(* Let $R=R_0\oplus R_1\oplus\cdots\oplus R_{p-1}$ be a commutative $\mathbb Z/p\mathbb Z$-graded $F$-algebra and $I=\sum_{i+j=p}R_iR_j\subset R_0$ (sum over $1\le i,j\le p-1$). The following are equivalent: (1) $X^G=\emptyset$, where $X^G=\mathrm{Spec}(R_0/I)$; (2) $I=R_0$; (3) $R_i^p=R_0$ for all $i=1,\dots,p-1$; (4) $R_1^p=R_0$; (5) $R_iR_{p-i}=R_0$ for each $i=1,\dots,p-1$; (6) for all $k,l\in\{0,\dots,p-1\}$ the multiplication map $R_k\otimes_{R_0}R_l\to R_{k+l}$ (index mod $p$) is an isomorphism; (7) the homomorphism $\Phi:R\otimes_{R_0}R\to F[t]/(t^p-1)\otimes_F R$ given by $a_k\otimes b_l\mapsto t^k\otimes a_kb_l$ for $a_k\in R_k$, $b_l\in R_l$ is an isomorphism.
   Context: $p$ is a prime and $F$ a field. A $\mathbb Z/p\mathbb Z$-grading of $R$ corresponds to an action of $G=\mu_p=\mathrm{Spec}\,F[t]/(t^p-1)$ on $X=\mathrm{Spec}\,R$, with coaction $r_0+\cdots+r_{p-1}\mapsto\sum_i t^i\otimes r_i$. $R_i^p$ denotes the additive subgroup of $R$ generated by products of $p$ elements of $R_i$ (it lies in $R_0$); $R_iR_j$ likewise denotes the additive span of products. *)

theory Defs
  imports "HOL-Computational_Algebra.Primes" "HOL-Algebra.QuotRing" "HOL-Library.Poly_Mapping"
begin

definition F_algebra :: "('f::field \<Rightarrow> 'r::comm_ring_1) \<Rightarrow> bool" where
  "F_algebra phi \<longleftrightarrow> phi 1 = 1 \<and> (\<forall>a b. phi (a + b) = phi a + phi b) \<and>
     (\<forall>a b. phi (a * b) = phi a * phi b)"

definition zp_grading :: "nat \<Rightarrow> ('f::field \<Rightarrow> 'r::comm_ring_1) \<Rightarrow> (nat \<Rightarrow> 'r set) \<Rightarrow> bool" where
  "zp_grading p phi Rg \<longleftrightarrow>
     (\<forall>i<p. 0 \<in> Rg i \<and> (\<forall>x\<in>Rg i. \<forall>y\<in>Rg i. x + y \<in> Rg i) \<and>
            (\<forall>c. \<forall>x\<in>Rg i. phi c * x \<in> Rg i)) \<and>
     (\<forall>r. \<exists>!f. (\<forall>i<p. f i \<in> Rg i) \<and> (\<forall>i\<ge>p. f i = 0) \<and> r = (\<Sum>i<p. f i)) \<and>
     (\<forall>i<p. \<forall>j<p. \<forall>x\<in>Rg i. \<forall>y\<in>Rg j. x * y \<in> Rg ((i + j) mod p))"

definition hcomp :: "nat \<Rightarrow> (nat \<Rightarrow> ('r::comm_ring_1) set) \<Rightarrow> 'r \<Rightarrow> nat \<Rightarrow> 'r" where
  "hcomp p Rg a = (THE f. (\<forall>i<p. f i \<in> Rg i) \<and> (\<forall>i\<ge>p. f i = 0) \<and> a = (\<Sum>i<p. f i))"

definition mul_span :: "('r::comm_ring_1) set \<Rightarrow> 'r set \<Rightarrow> 'r set" where
  "mul_span A B = {\<Sum>k<(n::nat). of_int (c k) * a k * b k | n c a b. \<forall>k<n. a k \<in> A \<and> b k \<in> B}"

definition pow_span :: "('r::comm_ring_1) set \<Rightarrow> nat \<Rightarrow> 'r set" where
  "pow_span A p = {\<Sum>k<(n::nat). of_int (c k) * (\<Prod>j<p. a k j) | n c a. \<forall>k<n. \<forall>j<p. a k j \<in> A}"

definition fixed_ideal :: "nat \<Rightarrow> (nat \<Rightarrow> ('r::comm_ring_1) set) \<Rightarrow> 'r set" where
  "fixed_ideal p Rg = {\<Sum>i\<in>{1..p-1}. x i | x. \<forall>i\<in>{1..p-1}. x i \<in> mul_span (Rg i) (Rg (p - i))}"

definition sub_ring :: "('r::comm_ring_1) set \<Rightarrow> 'r ring" where
  "sub_ring S = \<lparr>carrier = S, monoid.mult = (*), one = 1, zero = 0, add = (+)\<rparr>"

definition Spec :: "('a, 'b) ring_scheme \<Rightarrow> 'a set set" where
  "Spec A = {P. primeideal P A}"

text \<open>Tensor products over a subring A of A-submodules M, N of R, constructed as the free
  abelian group on M \<times> N (finitely supported integer-valued functions) modulo the subgroup
  generated by the biadditivity and A-balancedness relations.\<close>
inductive_set tensor_rels :: "('r::comm_ring_1) set \<Rightarrow> 'r set \<Rightarrow> 'r set \<Rightarrow> ('r \<times> 'r \<Rightarrow>\<^sub>0 int) set"
  for A M N where
  zero: "0 \<in> tensor_rels A M N"
| add: "x \<in> tensor_rels A M N \<Longrightarrow> y \<in> tensor_rels A M N \<Longrightarrow> x + y \<in> tensor_rels A M N"
| neg: "x \<in> tensor_rels A M N \<Longrightarrow> - x \<in> tensor_rels A M N"
| lin1: "a \<in> M \<Longrightarrow> a' \<in> M \<Longrightarrow> b \<in> N \<Longrightarrow>
     Poly_Mapping.single (a + a', b) 1 - Poly_Mapping.single (a, b) 1 - Poly_Mapping.single (a', b) 1
       \<in> tensor_rels A M N"
| lin2: "a \<in> M \<Longrightarrow> b \<in> N \<Longrightarrow> b' \<in> N \<Longrightarrow>
     Poly_Mapping.single (a, b + b') 1 - Poly_Mapping.single (a, b) 1 - Poly_Mapping.single (a, b') 1
       \<in> tensor_rels A M N"
| bal: "r \<in> A \<Longrightarrow> a \<in> M \<Longrightarrow> b \<in> N \<Longrightarrow>
     Poly_Mapping.single (r * a, b) 1 - Poly_Mapping.single (a, r * b) 1 \<in> tensor_rels A M N"

text \<open>Formal sums supported on M \<times> N (representatives of elements of M \<otimes>_A N).\<close>
definition formal_sums :: "'r set \<Rightarrow> 'r set \<Rightarrow> ('r \<times> 'r \<Rightarrow>\<^sub>0 int) set" where
  "formal_sums M N = {x. Poly_Mapping.keys x \<subseteq> M \<times> N}"

text \<open>The map M \<otimes>_A N \<rightarrow> P, m \<otimes> n \<mapsto> m n, is an isomorphism (well defined, injective, onto P).\<close>
definition mult_map_iso :: "('r::comm_ring_1) set \<Rightarrow> 'r set \<Rightarrow> 'r set \<Rightarrow> 'r set \<Rightarrow> bool" where
  "mult_map_iso A M N P \<longleftrightarrow>
     (let mu = (\<lambda>x. \<Sum>(a, b)\<in>Poly_Mapping.keys x. of_int (Poly_Mapping.lookup x (a, b)) * a * b) in
       mu ` formal_sums M N = P \<and>
       (\<forall>x\<in>formal_sums M N. mu x = 0 \<longleftrightarrow> x \<in> tensor_rels A M N))"

text \<open>The map Phi : R \<otimes>_{R_0} R \<rightarrow> F[t]/(t^p-1) \<otimes>_F R, where the target is identified with
  R^p via the F-basis 1, t, ..., t^(p-1) of F[t]/(t^p-1): an element \<Sum>_k t^k \<otimes> r_k is the
  coefficient vector (r_0, ..., r_(p-1)), represented as a function nat \<Rightarrow> 'r vanishing
  from p on.\<close>
definition Phi_map :: "nat \<Rightarrow> (nat \<Rightarrow> ('r::comm_ring_1) set) \<Rightarrow> ('r \<times> 'r \<Rightarrow>\<^sub>0 int) \<Rightarrow> nat \<Rightarrow> 'r" where
  "Phi_map p Rg x = (\<lambda>k. if k < p then
      (\<Sum>(a, b)\<in>Poly_Mapping.keys x. of_int (Poly_Mapping.lookup x (a, b)) * hcomp p Rg a k * b) else 0)"

definition Phi_iso :: "nat \<Rightarrow> (nat \<Rightarrow> ('r::comm_ring_1) set) \<Rightarrow> bool" where
  "Phi_iso p Rg \<longleftrightarrow>
     Phi_map p Rg ` formal_sums UNIV UNIV = {f. \<forall>k\<ge>p. f k = 0} \<and>
     (\<forall>x\<in>formal_sums UNIV UNIV. Phi_map p Rg x = (\<lambda>_. 0) \<longleftrightarrow> x \<in> tensor_rels (Rg 0) UNIV UNIV)"

end

theory Submission
  imports Defs
begin

text \<open>
  A nonzero ring has a maximal, hence prime, ideal, so \<open>X\<^sup>G = Spec (R\<^sub>0/I)\<close> is empty iff \<open>I = R\<^sub>0\<close>.
  If \<open>1 \<in> I\<close>, then \<open>1\<close> lies in the radical of the ideal \<open>R\<^sub>i\<^sup>p\<close> of \<open>R\<^sub>0\<close> for every \<open>i \<noteq> 0\<close>, because
  every generator \<open>x y\<close> of \<open>I\<close> has a power in \<open>R\<^sub>i\<^sup>p\<close>; hence \<open>R\<^sub>i\<^sup>p = R\<^sub>0\<close>.
  Conversely \<open>R\<^sub>1\<^sup>p \<subseteq> R\<^sub>i R\<^sub>p\<^sub>-\<^sub>i \<subseteq> I\<close>.
  A decomposition \<open>1 = \<Sum>\<^sub>t u\<^sub>t w\<^sub>t\<close> with \<open>u\<^sub>t \<in> R\<^sub>k\<close>, \<open>w\<^sub>t \<in> R\<^sub>-\<^sub>k\<close> makes \<open>z \<mapsto> \<Sum>\<^sub>t u\<^sub>t \<otimes> w\<^sub>t z\<close>
  an inverse of the multiplication \<open>R\<^sub>k \<otimes> R\<^sub>l \<rightarrow> R\<^sub>k\<^sub>+\<^sub>l\<close>. Finally \<open>\<Phi>\<close> splits into these
  multiplication maps: the \<open>t\<^sup>k\<close>-coefficient of \<open>\<Phi>\<close>, restricted to \<open>R\<^sub>k \<otimes> R\<^sub>l\<close> and read in
  degree \<open>k + l\<close>, is the multiplication map.
\<close>

lemma sum_lessThan_concat:
  fixes f g :: "nat \<Rightarrow> 'a::comm_monoid_add"
  shows "(\<Sum>k<n + m. if k < n then f k else g (k - n)) = (\<Sum>k<n. f k) + (\<Sum>k<m. g k)"
  by (induction m) (simp_all add: add.assoc)

lemma prime_ex_mult_mod_eq:
  fixes p :: nat
  assumes p: "prime p" and j: "0 < j" "j < p"
  shows "\<exists>s. (s * j) mod p = i mod p"
proof -
  have "coprime j p"
    using prime_imp_coprime[OF p, of j] nat_dvd_not_less[of j p] j by (simp add: coprime_commute)
  then obtain x y where xy: "j * x = p * y + 1" using bezout_nat[of j p] j by auto
  have "(i * x * j) mod p = (i * (p * y + 1)) mod p"
    by (metis xy mult.assoc mult.commute)
  also have "\<dots> = (i + p * (i * y)) mod p"
    by (simp add: algebra_simps)
  also have "\<dots> = i mod p"
    by simp
  finally show ?thesis by blast
qed

lemma mod_add_shifted_cancel:
  fixes k p :: nat
  assumes "k < p"
  shows "(k + (m + p - k) mod p) mod p = m mod p"
  using assms by (simp add: mod_add_right_eq)

lemma mod_shifted_add_cancel:
  fixes k p :: nat
  assumes "k < p"
  shows "((m + k) mod p + p - k) mod p = m mod p"
proof -
  have "((m + k) mod p + p - k) mod p = ((m + k) mod p + (p - k)) mod p"
    using assms by simp
  also have "\<dots> = (m + k + (p - k)) mod p"
    by (simp add: mod_add_left_eq)
  also have "m + k + (p - k) = m + p"
    using assms by simp
  finally show ?thesis by simp
qed

definition int_span :: "'a::comm_ring_1 set \<Rightarrow> 'a set" where
  "int_span S = {\<Sum>k<(n::nat). of_int (c k) * s k | n c s. \<forall>k<n. s k \<in> S}"

lemma int_spanI: "(\<And>k. k < n \<Longrightarrow> s k \<in> S) \<Longrightarrow> (\<Sum>k<(n::nat). of_int (c k) * s k) \<in> int_span S"
  unfolding int_span_def by blast

lemma int_spanE:
  assumes "x \<in> int_span S"
  obtains n :: nat and c s where "x = (\<Sum>k<n. of_int (c k) * s k)" "\<And>k. k < n \<Longrightarrow> s k \<in> S"
  using assms unfolding int_span_def by blast

lemma int_span_zero: "0 \<in> int_span S"
  using int_spanI[of 0] by simp

lemma int_span_base: "s \<in> S \<Longrightarrow> s \<in> int_span S"
  using int_spanI[of 1 "\<lambda>_. s" S "\<lambda>_. 1"] by simp

lemma int_span_add:
  assumes "x \<in> int_span S" "y \<in> int_span S"
  shows "x + y \<in> int_span S"
proof -
  obtain n :: nat and c s where x: "x = (\<Sum>k<n. of_int (c k) * s k)" "\<And>k. k < n \<Longrightarrow> s k \<in> S"
    using assms(1) by (blast elim: int_spanE)
  obtain m :: nat and d t where y: "y = (\<Sum>k<m. of_int (d k) * t k)" "\<And>k. k < m \<Longrightarrow> t k \<in> S"
    using assms(2) by (blast elim: int_spanE)
  have "x + y = (\<Sum>k<n + m. if k < n then of_int (c k) * s k else of_int (d (k - n)) * t (k - n))"
    using sum_lessThan_concat[where f="\<lambda>k. of_int (c k) * s k" and g="\<lambda>k. of_int (d k) * t k"]
    by (simp add: x y)
  also have "\<dots> = (\<Sum>k<n + m. of_int (if k < n then c k else d (k - n)) * (if k < n then s k else t (k - n)))"
    by (intro sum.cong) auto
  finally show ?thesis
    using x(2) y(2) by (auto intro!: int_spanI)
qed

lemma int_span_of_int_mult: "x \<in> int_span S \<Longrightarrow> of_int a * x \<in> int_span S"
proof (elim int_spanE)
  fix n c s assume "x = (\<Sum>k<(n::nat). of_int (c k) * s k)" "\<And>k. k < n \<Longrightarrow> s k \<in> S"
  then show "of_int a * x \<in> int_span S"
    using int_spanI[of n s S "\<lambda>k. a * c k"] by (simp add: sum_distrib_left mult.assoc)
qed

lemma int_span_uminus: "x \<in> int_span S \<Longrightarrow> - x \<in> int_span S"
  using int_span_of_int_mult[of x S "- 1"] by simp

lemma int_span_diff: "x \<in> int_span S \<Longrightarrow> y \<in> int_span S \<Longrightarrow> x - y \<in> int_span S"
  using int_span_add[OF _ int_span_uminus] by (metis diff_conv_add_uminus)

lemma int_span_sum: "(\<And>i. i \<in> I \<Longrightarrow> f i \<in> int_span S) \<Longrightarrow> sum f I \<in> int_span S"
  by (induction I rule: infinite_finite_induct) (auto simp: int_span_zero int_span_add)

lemma int_span_subset:
  assumes "0 \<in> T" "\<And>x y. x \<in> T \<Longrightarrow> y \<in> T \<Longrightarrow> x + y \<in> T" "\<And>c s. s \<in> S \<Longrightarrow> of_int c * s \<in> T"
  shows "int_span S \<subseteq> T"
proof
  fix x assume "x \<in> int_span S"
  then obtain n c s where x: "x = (\<Sum>k<(n::nat). of_int (c k) * s k)" "\<And>k. k < n \<Longrightarrow> s k \<in> S"
    by (blast elim: int_spanE)
  have "(\<Sum>k<m. of_int (c k) * s k) \<in> T" if "m \<le> n" for m
    using that by (induction m) (auto simp: assms x(2))
  then show "x \<in> T" using x(1) by simp
qed

lemma int_span_mult:
  assumes "\<And>s. s \<in> S \<Longrightarrow> r * s \<in> int_span S" and "x \<in> int_span S"
  shows "r * x \<in> int_span S"
proof -
  have "int_span S \<subseteq> {x. r * x \<in> int_span S}"
    by (rule int_span_subset)
      (auto simp: int_span_zero distrib_left int_span_add mult.left_commute[of r] assms(1)
        intro: int_span_of_int_mult)
  then show ?thesis using assms(2) by blast
qed

lemma mul_span_eq_int_span: "mul_span A B = int_span {a * b | a b. a \<in> A \<and> b \<in> B}"
proof (intro equalityI subsetI)
  fix x assume "x \<in> mul_span A B"
  then obtain n c a b where "x = (\<Sum>k<(n::nat). of_int (c k) * a k * b k)" "\<forall>k<n. a k \<in> A \<and> b k \<in> B"
    unfolding mul_span_def by blast
  then show "x \<in> int_span {a * b | a b. a \<in> A \<and> b \<in> B}"
    by (auto simp: mult.assoc intro!: int_spanI)
next
  fix x assume "x \<in> int_span {a * b | a b. a \<in> A \<and> b \<in> B}"
  then obtain n c s where x: "x = (\<Sum>k<(n::nat). of_int (c k) * s k)"
    and s: "\<And>k. k < n \<Longrightarrow> s k \<in> {a * b | a b. a \<in> A \<and> b \<in> B}"
    by (blast elim: int_spanE)
  obtain a b where ab: "\<And>k. k < n \<Longrightarrow> s k = a k * b k \<and> a k \<in> A \<and> b k \<in> B"
    using s by simp metis
  then have "x = (\<Sum>k<n. of_int (c k) * a k * b k)"
    unfolding x by (simp add: mult.assoc)
  then show "x \<in> mul_span A B"
    using ab unfolding mul_span_def by blast
qed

**What is required**:
Above are some records; copy exactly the lines from the one with "m. of_int (if" through the one with "proof (elim int_spanE)", both included, and no others.

**The answer**:
  also have "\<dots> = (\<Sum>k<n + m. of_int (if k < n then c k else d (k - n)) * (if k < n then s k else t (k - n)))"
    by (intro sum.cong) auto
  finally show ?thesis
    using x(2) y(2) by (auto intro!: int_spanI)
qed

lemma int_span_of_int_mult: "x \<in> int_span S \<Longrightarrow> of_int a * x \<in> int_span S"
proof (elim int_spanE)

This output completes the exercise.